lemma x_common_line:
  obtains l where "\<And>j. 1 \<le> j \<Longrightarrow> j \<le> n \<Longrightarrow> Rw (False, j) = l \<and> H (False, j) \<noteq> 0"
  | l where "\<And>j. 1 \<le> j \<Longrightarrow> j \<le> n \<Longrightarrow> C (False, j) = l \<and> W (False, j) \<noteq> 0"
proof -
  have "(\<exists>l. \<forall>j. 1 \<le> j \<and> j \<le> n \<longrightarrow> Rw (False, j) = l \<and> H (False, j) \<noteq> 0) \<or>
      (\<exists>l. \<forall>j. 1 \<le> j \<and> j \<le> n \<longrightarrow> C (False, j) = l \<and> W (False, j) \<noteq> 0)"
  proof (rule ccontr)
    assume "\<not> ?thesis"
    then obtain j k where j: "1 \<le> j" "j \<le> n" "\<not> (Rw (False, j) = Rw (False, 1) \<and> H (False, j) \<noteq> 0)"
      and k: "1 \<le> k" "k \<le> n" "\<not> (C (False, k) = C (False, 1) \<and> W (False, k) \<noteq> 0)"
      by blast
    have one: "1 \<le> (1::nat)" "(1::nat) \<le> n" "1 \<le> (2::nat)" "(2::nat) \<le> n" using n_ge_3 by auto
    have j_col: "C (False, j) = C (False, 1) \<and> W (False, j) \<noteq> 0 \<and> W (False, 1) \<noteq> 0" if "j \<noteq> 1"
    proof -
      have "L_adj C Rw H W (False, 1) (False, j)" using x_x_adj[OF one(1,2) j(1,2)] that by auto
      then show ?thesis using j(3) unfolding L_adj_def overlaps_iff by auto
    qed
    have k_row: "Rw (False, k) = Rw (False, 1) \<and> H (False, k) \<noteq> 0 \<and> H (False, 1) \<noteq> 0" if "k \<noteq> 1"
    proof -
      have "L_adj C Rw H W (False, 1) (False, k)" using x_x_adj[OF one(1,2) k(1,2)] that by auto
      then show ?thesis using k(3) unfolding L_adj_def overlaps_iff by auto
    qed
    show False
    proof (cases "j = 1"; cases "k = 1")
      assume "j = 1" "k = 1"
      then have "H (False, 1) = 0" "W (False, 1) = 0" using j(3) k(3) by auto
      moreover have "L_adj C Rw H W (False, 1) (False, 2)" using x_x_adj[OF one] by simp
      ultimately show False unfolding L_adj_def overlaps_iff by auto
    next
      assume "j = 1" "k \<noteq> 1"
      then show False using k_row j(3) by auto
    next
      assume "j \<noteq> 1" "k = 1"
      then show False using j_col k(3) by auto
    next
      assume "j \<noteq> 1" "k \<noteq> 1"
      then have "C (False, j) = C (False, 1)" "W (False, j) \<noteq> 0" "Rw (False, k) = Rw (False, 1)"
        using j_col k_row by auto
      moreover from this have "j \<noteq> k" using k(3) by auto
      then have "L_adj C Rw H W (False, j) (False, k)" using x_x_adj j k by auto
      ultimately show False unfolding L_adj_def overlaps_iff using j(3) k(3) by auto
    qed
  qed
  then show ?thesis using that by blast
qed

theorem sun_size_eq_3_and_corner_product_pos:
  "n = 3 \<and> (\<exists>j. 1 \<le> j \<and> j \<le> n \<and> 0 < H (False, j) * W (False, j))"
proof (cases rule: x_common_line)
  case (1 l)
  interpret sun_L_rep_row n C Rw H W l
    by unfold_locales (use 1 in auto)
  show ?thesis using sun_size_eq_3 exists_corner_product_pos by blast
next
  case (2 l)
  interpret transposed: sun_L_rep_row n Rw C W H l
    by (rule sun_L_rep_row.intro[OF sun_L_rep_transpose[OF sun_L_rep_axioms]])
      (unfold_locales, use 2 in auto)
  show ?thesis
    using transposed.sun_size_eq_3 transposed.exists_corner_product_pos by (auto simp: mult.commute)
qed

end

lemma L_shapes_of_one_bend_paths:
  assumes "\<And>v. v \<in> V \<Longrightarrow> is_grid_path (R v) \<and> bends (R v) \<le> 1"
  obtains C Rw H W :: "'v \<Rightarrow> int"
  where "\<And>v. v \<in> V \<Longrightarrow> path_edges (R v) = L_edges (C v) (Rw v) (H v) (W v)"
    and "\<And>v. v \<in> V \<Longrightarrow> monotonic_path (R v) \<Longrightarrow> H v * W v \<le> 0"
    and "\<And>v. v \<in> V \<Longrightarrow> bends (R v) = 0 \<Longrightarrow> H v = 0 \<or> W v = 0"
proof -
  define Q where "Q v c r h w \<longleftrightarrow> path_edges (R v) = L_edges c r h w \<and>
    (monotonic_path (R v) \<longrightarrow> h * w \<le> 0) \<and> (bends (R v) = 0 \<longrightarrow> h = 0 \<or> w = 0)" for v c r h w
  have "\<forall>v \<in> V. \<exists>c r h w. Q v c r h w"
  proof
    fix v assume v: "v \<in> V"
    interpret grid_path "R v" using assms[OF v] by unfold_locales simp
    obtain c r h w where "path_edges (R v) = L_edges c r h w"
      "monotonic_path (R v) \<Longrightarrow> h * w \<le> 0" "bends (R v) = 0 \<Longrightarrow> h = 0 \<or> w = 0"
      using edges_L_shape assms[OF v] by blast
    then show "\<exists>c r h w. Q v c r h w" unfolding Q_def by (intro exI conjI impI) simp_all
  qed
  from bchoice[OF this] obtain C where "\<forall>v \<in> V. \<exists>r h w. Q v (C v) r h w" ..
  from bchoice[OF this] obtain Rw where "\<forall>v \<in> V. \<exists>h w. Q v (C v) (Rw v) h w" ..
  from bchoice[OF this] obtain H where "\<forall>v \<in> V. \<exists>w. Q v (C v) (Rw v) (H v) w" ..
  from bchoice[OF this] obtain W where "\<forall>v \<in> V. Q v (C v) (Rw v) (H v) (W v)" ..
  then show ?thesis using that unfolding Q_def by blast
qed

lemma sun_one_bend_rep:
  assumes "3 \<le> n" "EPG_rep (sun_V n) (sun_adj n) R" "\<And>v. v \<in> sun_V n \<Longrightarrow> bends (R v) \<le> 1"
  shows "n = 3 \<and> (\<exists>v \<in> sun_V n. bends (R v) \<noteq> 0 \<and> \<not> monotonic_path (R v))"
proof -
  have "\<And>v. v \<in> sun_V n \<Longrightarrow> is_grid_path (R v) \<and> bends (R v) \<le> 1"
    using assms(2,3) unfolding EPG_rep_def by blast
  then obtain C Rw H W :: "bool \<times> nat \<Rightarrow> int"
    where edges: "\<And>v. v \<in> sun_V n \<Longrightarrow> path_edges (R v) = L_edges (C v) (Rw v) (H v) (W v)"
      and mono: "\<And>v. v \<in> sun_V n \<Longrightarrow> monotonic_path (R v) \<Longrightarrow> H v * W v \<le> 0"
      and straight: "\<And>v. v \<in> sun_V n \<Longrightarrow> bends (R v) = 0 \<Longrightarrow> H v = 0 \<or> W v = 0"
    using L_shapes_of_one_bend_paths by blast
  have adj: "sun_adj n u v \<longleftrightarrow> L_adj C Rw H W u v" if "u \<in> sun_V n" "v \<in> sun_V n" "u \<noteq> v" for u v
  proof -
    have "sun_adj n u v \<longleftrightarrow> path_edges (R u) \<inter> path_edges (R v) \<noteq> {}"
      using assms(2) that unfolding EPG_rep_def by blast
    also have "\<dots> \<longleftrightarrow> L_adj C Rw H W u v"
      unfolding edges[OF that(1)] edges[OF that(2)] L_edges_Int_L_edges L_adj_def ..
    finally show ?thesis .
  qed
  interpret sun_L_rep n C Rw H W
  proof
    fix i j k :: nat
    show "1 \<le> j \<Longrightarrow> j \<le> n \<Longrightarrow> 1 \<le> k \<Longrightarrow> k \<le> n \<Longrightarrow> j \<noteq> k \<Longrightarrow> L_adj C Rw H W (False, j) (False, k)"
      using adj[of "(False, j)" "(False, k)"] sun_adj_x_x by (simp add: sun_V_def)
    show "1 \<le> i \<Longrightarrow> i \<le> n \<Longrightarrow> 1 \<le> j \<Longrightarrow> j \<le> n \<Longrightarrow>
        L_adj C Rw H W (True, i) (False, j) \<longleftrightarrow> j = i \<or> j = sun_next n i"
      using adj[of "(True, i)" "(False, j)"] sun_adj_y_x by (simp add: sun_V_def)
    show "1 \<le> i \<Longrightarrow> i \<le> n \<Longrightarrow> 1 \<le> k \<Longrightarrow> k \<le> n \<Longrightarrow> i \<noteq> k \<Longrightarrow> \<not> L_adj C Rw H W (True, i) (True, k)"
      using adj[of "(True, i)" "(True, k)"] sun_not_adj_y_y by (simp add: sun_V_def)
  qed (rule assms(1))
  obtain j where j: "(False, j) \<in> sun_V n" "0 < H (False, j) * W (False, j)"
    using sun_size_eq_3_and_corner_product_pos by (auto simp: sun_V_def)
  then have "bends (R (False, j)) \<noteq> 0 \<and> \<not> monotonic_path (R (False, j))"
    using mono[OF j(1)] straight[OF j(1)] by (cases "bends (R (False, j)) = 0") auto
  then show ?thesis using sun_size_eq_3_and_corner_product_pos j(1) by blast
qed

::::::::

The lines from the one holding "sun_not_adj_y_y by (simp add: sun_V_def)" to the end of the entries are to be repeated exactly, with both ends included and nothing else.

      using adj[of "(True, i)" "(True, k)"] sun_not_adj_y_y by (simp add: sun_V_def)
  qed (rule assms(1))
  obtain j where j: "(False, j) \<in> sun_V n" "0 < H (False, j) * W (False, j)"
    using sun_size_eq_3_and_corner_product_pos by (auto simp: sun_V_def)
  then have "bends (R (False, j)) \<noteq> 0 \<and> \<not> monotonic_path (R (False, j))"
    using mono[OF j(1)] straight[OF j(1)] by (cases "bends (R (False, j)) = 0") auto
  then show ?thesis using sun_size_eq_3_and_corner_product_pos j(1) by blast
qed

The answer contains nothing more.